# Boat trailers



## jfboothe (Dec 19, 2012)

I have been trying to find a used trailer for my Crystal 16 but haven't had much luck. What should I expect to pay for a galvanized bunk trailer to fit a 16' skiff? I have had quotes from $900 - 1600 for trailers from LoadRite, Bear, Venture, etc. 

Just want to be sure I am not getting ripped off since there aren't a lot of options for galvanized or aluminum trailers here in the midwest.


----------



## firecat1981 (Nov 27, 2007)

My new continental galvanized tilt trailer was about $900 when I got it a year and a half ago. It works great.


----------



## jfboothe (Dec 19, 2012)

Thanks Firecat. Just the kind of information I needed. I am looking at a Loadrite trailer Model 16150076DW with side guides that I think will work for about that price.


----------



## firecat1981 (Nov 27, 2007)

I did price out cheaper aluminum trailers too, the cheaper ones I found were in the $1500 range from magic tilt. 

I actually bought a rolls axle aluminum trailer before for about $900, it was called there bronze line.
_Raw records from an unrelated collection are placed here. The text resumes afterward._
lemma forest_ratio_eq:
  assumes "b \<le> a" "b < d" "a + d \<le> n + b"
  shows "forest_ratio a b n d = real (d - b) / real d * falling_fact n a
    * falling_fact (n - d) (a - b) / falling_fact (2*n - d - 1) (2*a - b)"
proof -
  have "n - d - (a - b) = n - a - (d - b)" "2*n - d - 1 - (2*a - b) = 2*(n - a) - (d - b) - 1"
    using assms by simp_all
  then have fact_n: "(fact n :: real) = fact (n - a) * falling_fact n a"
    and fact_n_d: "(fact (n - d) :: real) = fact (n - a - (d - b)) * falling_fact (n - d) (a - b)"
    and fact_2n_d: "(fact (2*n - d - 1) :: real)
      = fact (2*(n - a) - (d - b) - 1) * falling_fact (2*n - d - 1) (2*a - b)"
    using fact_eq_fact_mult_falling_fact[of a n] fact_eq_fact_mult_falling_fact[of "a - b" "n - d"]
      fact_eq_fact_mult_falling_fact[of "2*a - b" "2*n - d - 1"] assms
    by simp_all
  have closed_ab: "real (num_forests (n - a) (d - b))
      = real (d - b) * fact (2*(n - a) - (d - b) - 1) / (fact (n - a) * fact (n - a - (d - b)))"
    and closed: "real (num_forests n d) = real d * fact (2*n - d - 1) / (fact n * fact (n - d))"
    using assms by (simp_all add: num_forests_closed)
  have cancel: "(x * X / (A * Y)) / (D * (X * R) / (A * P * (Y * Q))) = x / D * P * Q / R"
    if "0 < X" "0 < A" "0 < Y" "0 < D" "0 < P" "0 < Q" "0 < R" for x X A Y D P Q R :: real
    using that by (simp add: field_simps)
  show ?thesis
    unfolding forest_ratio_def closed_ab closed fact_n fact_n_d fact_2n_d
    by (rule cancel) (use assms in \<open>simp_all add: falling_fact_pos\<close>)
qed
subsection \<open>Expectation over the sample sequence\<close>

lemma expectation_pair_pmf_finite:
  fixes H :: "'a \<times> 'b \<Rightarrow> real"
  assumes finA: "finite (set_pmf A)" and finB: "finite (set_pmf B)"
  shows "measure_pmf.expectation (pair_pmf A B) H
       = measure_pmf.expectation B (\<lambda>b. measure_pmf.expectation A (\<lambda>a. H (a, b)))"
proof -
  have expA: "measure_pmf.expectation A (\<lambda>a. H (a, b)) = (\<Sum>a\<in>set_pmf A. H (a, b) * pmf A a)" for b
    by (rule integral_measure_pmf_real) (use finA in auto)
  have "measure_pmf.expectation (pair_pmf A B) H
      = (\<Sum>z\<in>set_pmf A \<times> set_pmf B. H z * pmf (pair_pmf A B) z)"
    by (rule integral_measure_pmf_real) (use finA finB in auto)
  also have "\<dots> = (\<Sum>a\<in>set_pmf A. \<Sum>b\<in>set_pmf B. H (a, b) * (pmf A a * pmf B b))"
    by (simp add: sum.cartesian_product) (rule sum.cong, auto simp: pmf_pair)
  also have "\<dots> = (\<Sum>b\<in>set_pmf B. measure_pmf.expectation A (\<lambda>a. H (a, b)) * pmf B b)"
    by (subst sum.swap) (simp add: expA sum_distrib_right mult.assoc mult.left_commute)
  also have "\<dots> = measure_pmf.expectation B (\<lambda>b. measure_pmf.expectation A (\<lambda>a. H (a, b)))"
    by (rule integral_measure_pmf_real[symmetric]) (use finB in auto)
  finally show ?thesis .
qed

lemma finite_set_pmf_sample_seq: "\<beta> \<le> m \<Longrightarrow> finite (set_pmf (sample_seq m \<beta> k))"
  unfolding sample_seq_def
  using samples_nonempty finite_samples
  by (intro finite_subset[OF set_Pi_pmf_subset' finite_PiE_dflt]) auto

lemma paskm_fun_upd:
  "j \<le> k \<Longrightarrow> paskm a b sel \<delta> \<alpha> \<omega> \<gamma> x0 (ts(k := t)) j = paskm a b sel \<delta> \<alpha> \<omega> \<gamma> x0 ts j"
  by (induction j) auto

lemma paskm_E_Suc:
  assumes "\<beta> \<le> m"
  shows "paskm_E m \<beta> a b sel \<delta> \<alpha> \<omega> \<gamma> x0 (Suc k) F
    = measure_pmf.expectation (sample_seq m \<beta> k) (\<lambda>ts.
        measure_pmf.expectation (pmf_of_set (samples m \<beta>))
          (\<lambda>t. F (paskm_step a b sel \<delta> \<alpha> \<omega> \<gamma> t (paskm a b sel \<delta> \<alpha> \<omega> \<gamma> x0 ts k))))"
proof -
  let ?U = "pmf_of_set (samples m \<beta>)"
  have "sample_seq m \<beta> (Suc k) = Pi_pmf (insert k {..<k}) {} (\<lambda>_. ?U)"
    by (simp add: sample_seq_def lessThan_Suc)
  also have "\<dots> = map_pmf (\<lambda>(t, ts). ts(k := t)) (pair_pmf ?U (sample_seq m \<beta> k))"
    by (subst Pi_pmf_insert) (auto simp: sample_seq_def)
  finally have seq: "sample_seq m \<beta> (Suc k) = map_pmf (\<lambda>(t, ts). ts(k := t)) (pair_pmf ?U (sample_seq m \<beta> k))" .
  have "paskm_E m \<beta> a b sel \<delta> \<alpha> \<omega> \<gamma> x0 (Suc k) F
      = measure_pmf.expectation (pair_pmf ?U (sample_seq m \<beta> k))
          (\<lambda>(t, ts). F (paskm_step a b sel \<delta> \<alpha> \<omega> \<gamma> t (paskm a b sel \<delta> \<alpha> \<omega> \<gamma> x0 ts k)))"
    unfolding paskm_E_def seq integral_map_pmf
    by (intro Bochner_Integration.integral_cong) (auto simp: paskm_fun_upd)
  also have "\<dots> = measure_pmf.expectation (sample_seq m \<beta> k) (\<lambda>ts. measure_pmf.expectation ?U
          (\<lambda>t. F (paskm_step a b sel \<delta> \<alpha> \<omega> \<gamma> t (paskm a b sel \<delta> \<alpha> \<omega> \<gamma> x0 ts k))))"
    using assms finite_samples samples_nonempty
    by (subst expectation_pair_pmf_finite) (auto intro: finite_set_pmf_sample_seq)
  finally show ?thesis .
qed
It was so flimsy it twisted when I put the boat on it so I returned it and decided good old steel is the way to go for me.


----------



## Rogersar24 (Dec 22, 2010)

http://spacecoast.craigslist.org/boa/3566599205.html


----------



## Luke_WL. (Nov 28, 2012)

I've been looking for a new trailer for my hpx. It came on a cheaper galvanized trailer. I want something along the lines of the ramlin or the ones that come with the mavericks. If I find one mine will be up for sale soon. Where should I look?


----------



## topnative2 (Feb 22, 2009)

Loadmaster is the best on the market and great to wrk w/ getting parts etc.


http://loadmaster.tampaits.com/


----------